━━ Given entries ━━

lemma sets_filtration_M: assumes "is_filtration M F" "A \<in> sets (F n)" shows "A \<in> sets M"
  using assms subalgebra_filtration[OF assms(1), of n] unfolding subalgebra_def by auto

lemma space_filtration: assumes "is_filtration M F" shows "space (F n) = space M"
  using subalgebra_filtration[OF assms] unfolding subalgebra_def by auto

lemma sigma_finite_subalgebra_filtration: assumes "prob_space M" "is_filtration M F" shows "sigma_finite_subalgebra M (F n)"
proof -
  interpret prob_space M by fact
  have "finite_measure_subalgebra M (F n)"
    by unfold_locales (rule subalgebra_filtration[OF assms(2)])
  then show ?thesis by (rule finite_measure_subalgebra_is_sigma_finite)
qed

lemma condE_nested:
  assumes "prob_space M" "is_filtration M F" "integrable M h" "n \<le> m"
  shows "AE x in M. condE M F n (condE M F m h) x = condE M F n h x"
proof -
  interpret sigma_finite_subalgebra M "F n" by (rule sigma_finite_subalgebra_filtration[OF assms(1,2)])
  show ?thesis unfolding condE_def
    by (rule real_cond_exp_nested_subalg[OF subalgebra_filtration[OF assms(2)] subalgebra_filtration_mono[OF assms(2,4)] assms(3)])
qed

lemma condE_measurable[measurable]:
  assumes "prob_space M" "is_filtration M F"
  shows "condE M F n h \<in> borel_measurable (F n)" "condE M F n h \<in> borel_measurable M"
proof -
  interpret sigma_finite_subalgebra M "F n" by (rule sigma_finite_subalgebra_filtration[OF assms(1,2)])
  show "condE M F n h \<in> borel_measurable (F n)" "condE M F n h \<in> borel_measurable M"
    unfolding condE_def by auto
qed

lemma condE_cong:
  assumes "prob_space M" "is_filtration M F" "AE x in M. f x = g x" "f \<in> borel_measurable M" "g \<in> borel_measurable M"
  shows "AE x in M. condE M F n f x = condE M F n g x"
proof -
  interpret sigma_finite_subalgebra M "F n" by (rule sigma_finite_subalgebra_filtration[OF assms(1,2)])
  show ?thesis unfolding condE_def by (rule real_cond_exp_cong[OF assms(3-5)])
qed

lemma condE_F_measurable:
  assumes "prob_space M" "is_filtration M F" "integrable M f" "f \<in> borel_measurable (F n)"
  shows "AE x in M. condE M F n f x = f x"
proof -
  interpret sigma_finite_subalgebra M "F n" by (rule sigma_finite_subalgebra_filtration[OF assms(1,2)])
  show ?thesis unfolding condE_def by (rule real_cond_exp_F_meas[OF assms(3,4)])
qed

lemma condE_diff:
  assumes "prob_space M" "is_filtration M F" "integrable M f" "integrable M g"
  shows "AE x in M. condE M F n (\<lambda>x. f x - g x) x = condE M F n f x - condE M F n g x"
proof -
  interpret sigma_finite_subalgebra M "F n" by (rule sigma_finite_subalgebra_filtration[OF assms(1,2)])
  show ?thesis unfolding condE_def by (rule real_cond_exp_diff[OF assms(3,4)])
qed

lemma condE_add:
  assumes "prob_space M" "is_filtration M F" "integrable M f" "integrable M g"
  shows "AE x in M. condE M F n (\<lambda>x. f x + g x) x = condE M F n f x + condE M F n g x"
proof -
  interpret sigma_finite_subalgebra M "F n" by (rule sigma_finite_subalgebra_filtration[OF assms(1,2)])
  show ?thesis unfolding condE_def by (rule real_cond_exp_add[OF assms(3,4)])
qed

lemma condE_cdiv:
  assumes "prob_space M" "is_filtration M F" "integrable M f"
  shows "AE x in M. condE M F n (\<lambda>x. f x / c) x = condE M F n f x / c"
proof -
  interpret sigma_finite_subalgebra M "F n" by (rule sigma_finite_subalgebra_filtration[OF assms(1,2)])
  show ?thesis unfolding condE_def by (rule real_cond_exp_cdiv[OF assms(3)])
qed

lemma condE_mult:
  assumes "prob_space M" "is_filtration M F" "f \<in> borel_measurable (F n)" "g \<in> borel_measurable M"
    "integrable M (\<lambda>x. f x * g x)"
  shows "AE x in M. condE M F n (\<lambda>x. f x * g x) x = f x * condE M F n g x"
proof -
  interpret sigma_finite_subalgebra M "F n" by (rule sigma_finite_subalgebra_filtration[OF assms(1,2)])
  show ?thesis unfolding condE_def by (rule real_cond_exp_mult[OF assms(3-5)])
qed

lemma integral_mult_condE:
  assumes "prob_space M" "is_filtration M F" "integrable M (\<lambda>x. f x * g x)"
    "f \<in> borel_measurable (F n)" "g \<in> borel_measurable M"
  shows "(\<integral> x. f x * condE M F n g x \<partial>M) = (\<integral> x. f x * g x \<partial>M)"
proof -
  interpret sigma_finite_subalgebra M "F n" by (rule sigma_finite_subalgebra_filtration[OF assms(1,2)])
  show ?thesis unfolding condE_def by (rule real_cond_exp_intg(2)[OF assms(3-5)])
qed

lemma nn_integral_abs_condE_le:
  assumes "prob_space M" "is_filtration M F" "integrable M f"
  shows "(\<integral>\<^sup>+ x. ennreal \<bar>condE M F n f x\<bar> \<partial>M) \<le> (\<integral>\<^sup>+ x. ennreal \<bar>f x\<bar> \<partial>M)"
proof -
  interpret sigma_finite_subalgebra M "F n" by (rule sigma_finite_subalgebra_filtration[OF assms(1,2)])
  have [measurable]: "f \<in> borel_measurable M" using assms(3) by auto
  have "(\<integral>\<^sup>+ x. ennreal \<bar>condE M F n f x\<bar> \<partial>M) \<le> (\<integral>\<^sup>+ x. nn_cond_exp M (F n) (\<lambda>x. ennreal \<bar>f x\<bar>) x \<partial>M)"
    unfolding condE_def by (rule nn_integral_mono_AE) (use real_cond_exp_abs in \<open>auto elim: eventually_mono\<close>)
  also have "\<dots> = (\<integral>\<^sup>+ x. ennreal \<bar>f x\<bar> \<partial>M)"
    using nn_cond_exp_intg[of "\<lambda>_. 1" "\<lambda>x. ennreal \<bar>f x\<bar>"] by simp
  finally show ?thesis .
qed

lemma condE_martingale_iterate:
  assumes "prob_space M" "is_filtration M F"
    and meas: "\<And>n. g n \<in> borel_measurable (F n)" and int: "\<And>n. integrable M (g n)"
    and step: "\<And>n. AE x in M. condE M F n (g (Suc n)) x = g n x"
    and "n \<le> m"
  shows "AE x in M. condE M F n (g m) x = g n x"
  using assms(6)
proof (induction m rule: dec_induct)
  case base
  show ?case by (rule condE_F_measurable[OF assms(1,2) int meas])
next
  case (step m)
  have gm: "g k \<in> borel_measurable M" for k using measurable_filtration_M[OF assms(2) meas] .
  have "AE x in M. condE M F n (condE M F m (g (Suc m))) x = condE M F n (g (Suc m)) x"
    by (rule condE_nested[OF assms(1,2) int]) (use step in auto)
  moreover have "AE x in M. condE M F n (condE M F m (g (Suc m))) x = condE M F n (g m) x"
    by (rule condE_cong[OF assms(1,2) assms(5) condE_measurable(2)[OF assms(1,2)] gm])
  ultimately show ?case using step.IH by eventually_elim auto
qed
(* Let $(X,d)$ be a metric space with bounded geometry, fix $x\in X$, and write $V_\delta=V_\delta^x$. (i) If $\lim_{l\to\infty}\frac1l\log V_\delta(l)=0$ for every $\delta>0$, then $h_\infty(X)=0$. (ii) If there exists $\delta>0$ with $\limsup_{l\to\infty}\frac1l\log V_\delta(l)>0$, then $h_\infty(X)=\infty$.
   Context: Bounded geometry: for every $r>0$ there is $C(r)\in\mathbb N$ bounding the cardinality of every closed ball of radius $r$. For $\delta>0$ a $\delta$-path is a sequence $(x_0,\dots,x_n)$ with $d(x_{i-1},x_i)\le\delta$; $[x]_\delta$ is the set of points connected to $x$ by a $\delta$-path; $B_\delta(x_0,n)=\{x_n:\exists\ \delta\text{-path }(x_0,\dots,x_n)\}$. Define $V_\delta^x(l)=\sup_{x_0\in[x]_\delta}|B_\delta(x_0,l)|$. Coarse entropy $h_\infty(X)=\lim_{\delta\to\infty}\lim_{R\to\infty}\limsup_{n\to\infty}\frac1n\log s(n,R,\delta,x_0)$, where $s(n,R,\delta,x_0)$ is the supremum of cardinalities of $R$-separated sets of $\delta$-paths of length $n$ starting at $x_0$, paths compared by $\max_i d(x_i,y_i)$. *)

theory Defs
  imports "HOL-Analysis.Analysis"
begin

text \<open>The metric space X is the whole type 'a (class metric_space).\<close>

definition bounded_geometry :: "'a::metric_space itself \<Rightarrow> bool" where
  "bounded_geometry _ \<longleftrightarrow>
     (\<forall>r>0. \<exists>C::nat. \<forall>y::'a. finite (cball y r) \<and> card (cball y r) \<le> C)"

text \<open>A delta-path (x_0,...,x_n) is a nonempty list; its length n is length xs - 1.\<close>
definition dpath :: "real \<Rightarrow> 'a::metric_space list \<Rightarrow> bool" where
  "dpath \<delta> xs \<longleftrightarrow> xs \<noteq> [] \<and> (\<forall>i. Suc i < length xs \<longrightarrow> dist (xs ! i) (xs ! Suc i) \<le> \<delta>)"

definition dcomp :: "real \<Rightarrow> 'a::metric_space \<Rightarrow> 'a set" where
  "dcomp \<delta> x = {y. \<exists>xs. dpath \<delta> xs \<and> hd xs = x \<and> last xs = y}"

definition dpaths :: "real \<Rightarrow> 'a::metric_space \<Rightarrow> nat \<Rightarrow> 'a list set" where
  "dpaths \<delta> x0 n = {xs. dpath \<delta> xs \<and> length xs = Suc n \<and> hd xs = x0}"

definition dball :: "real \<Rightarrow> 'a::metric_space \<Rightarrow> nat \<Rightarrow> 'a set" where
  "dball \<delta> x0 n = last ` dpaths \<delta> x0 n"

definition Vol :: "'a::metric_space \<Rightarrow> real \<Rightarrow> nat \<Rightarrow> ereal" where
  "Vol x \<delta> l = (SUP x0\<in>dcomp \<delta> x. ereal (real (card (dball \<delta> x0 l))))"

definition pdist :: "'a::metric_space list \<Rightarrow> 'a list \<Rightarrow> real" where
  "pdist xs ys = Max {dist (xs ! i) (ys ! i) | i. i < length xs}"

definition separated :: "real \<Rightarrow> 'a::metric_space list set \<Rightarrow> bool" where
  "separated R P \<longleftrightarrow> (\<forall>p\<in>P. \<forall>q\<in>P. p \<noteq> q \<longrightarrow> pdist p q > R)"

definition sepnum :: "nat \<Rightarrow> real \<Rightarrow> real \<Rightarrow> 'a::metric_space \<Rightarrow> ereal" where
  "sepnum n R \<delta> x0 =
     (SUP P\<in>{P. finite P \<and> P \<subseteq> dpaths \<delta> x0 n \<and> separated R P}. ereal (real (card P)))"

definition lnE :: "ereal \<Rightarrow> ereal" where
  "lnE v = (if v = \<infinity> then \<infinity> else if v \<le> 0 then -\<infinity> else ereal (ln (real_of_ereal v)))"

definition coarse_entropy :: "'a::metric_space \<Rightarrow> ereal" where
  "coarse_entropy x0 =
     Lim at_top (\<lambda>\<delta>::real. Lim at_top (\<lambda>R::real.
        limsup (\<lambda>n. ereal (1 / real n) * lnE (sepnum n R \<delta> x0))))"

end

theory Submission
  imports Defs
begin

━━━

*Your objective:* Set down exactly the lines of the data above, beginning with the line that has "n (g (Suc m))" and ending with the line that has "text \<open>The metric", and no others.

*Exercise solution:*
  have "AE x in M. condE M F n (condE M F m (g (Suc m))) x = condE M F n (g (Suc m)) x"
    by (rule condE_nested[OF assms(1,2) int]) (use step in auto)
  moreover have "AE x in M. condE M F n (condE M F m (g (Suc m))) x = condE M F n (g m) x"
    by (rule condE_cong[OF assms(1,2) assms(5) condE_measurable(2)[OF assms(1,2)] gm])
  ultimately show ?case using step.IH by eventually_elim auto
qed
(* Let $(X,d)$ be a metric space with bounded geometry, fix $x\in X$, and write $V_\delta=V_\delta^x$. (i) If $\lim_{l\to\infty}\frac1l\log V_\delta(l)=0$ for every $\delta>0$, then $h_\infty(X)=0$. (ii) If there exists $\delta>0$ with $\limsup_{l\to\infty}\frac1l\log V_\delta(l)>0$, then $h_\infty(X)=\infty$.
   Context: Bounded geometry: for every $r>0$ there is $C(r)\in\mathbb N$ bounding the cardinality of every closed ball of radius $r$. For $\delta>0$ a $\delta$-path is a sequence $(x_0,\dots,x_n)$ with $d(x_{i-1},x_i)\le\delta$; $[x]_\delta$ is the set of points connected to $x$ by a $\delta$-path; $B_\delta(x_0,n)=\{x_n:\exists\ \delta\text{-path }(x_0,\dots,x_n)\}$. Define $V_\delta^x(l)=\sup_{x_0\in[x]_\delta}|B_\delta(x_0,l)|$. Coarse entropy $h_\infty(X)=\lim_{\delta\to\infty}\lim_{R\to\infty}\limsup_{n\to\infty}\frac1n\log s(n,R,\delta,x_0)$, where $s(n,R,\delta,x_0)$ is the supremum of cardinalities of $R$-separated sets of $\delta$-paths of length $n$ starting at $x_0$, paths compared by $\max_i d(x_i,y_i)$. *)

theory Defs
  imports "HOL-Analysis.Analysis"
begin

text \<open>The metric space X is the whole type 'a (class metric_space).\<close>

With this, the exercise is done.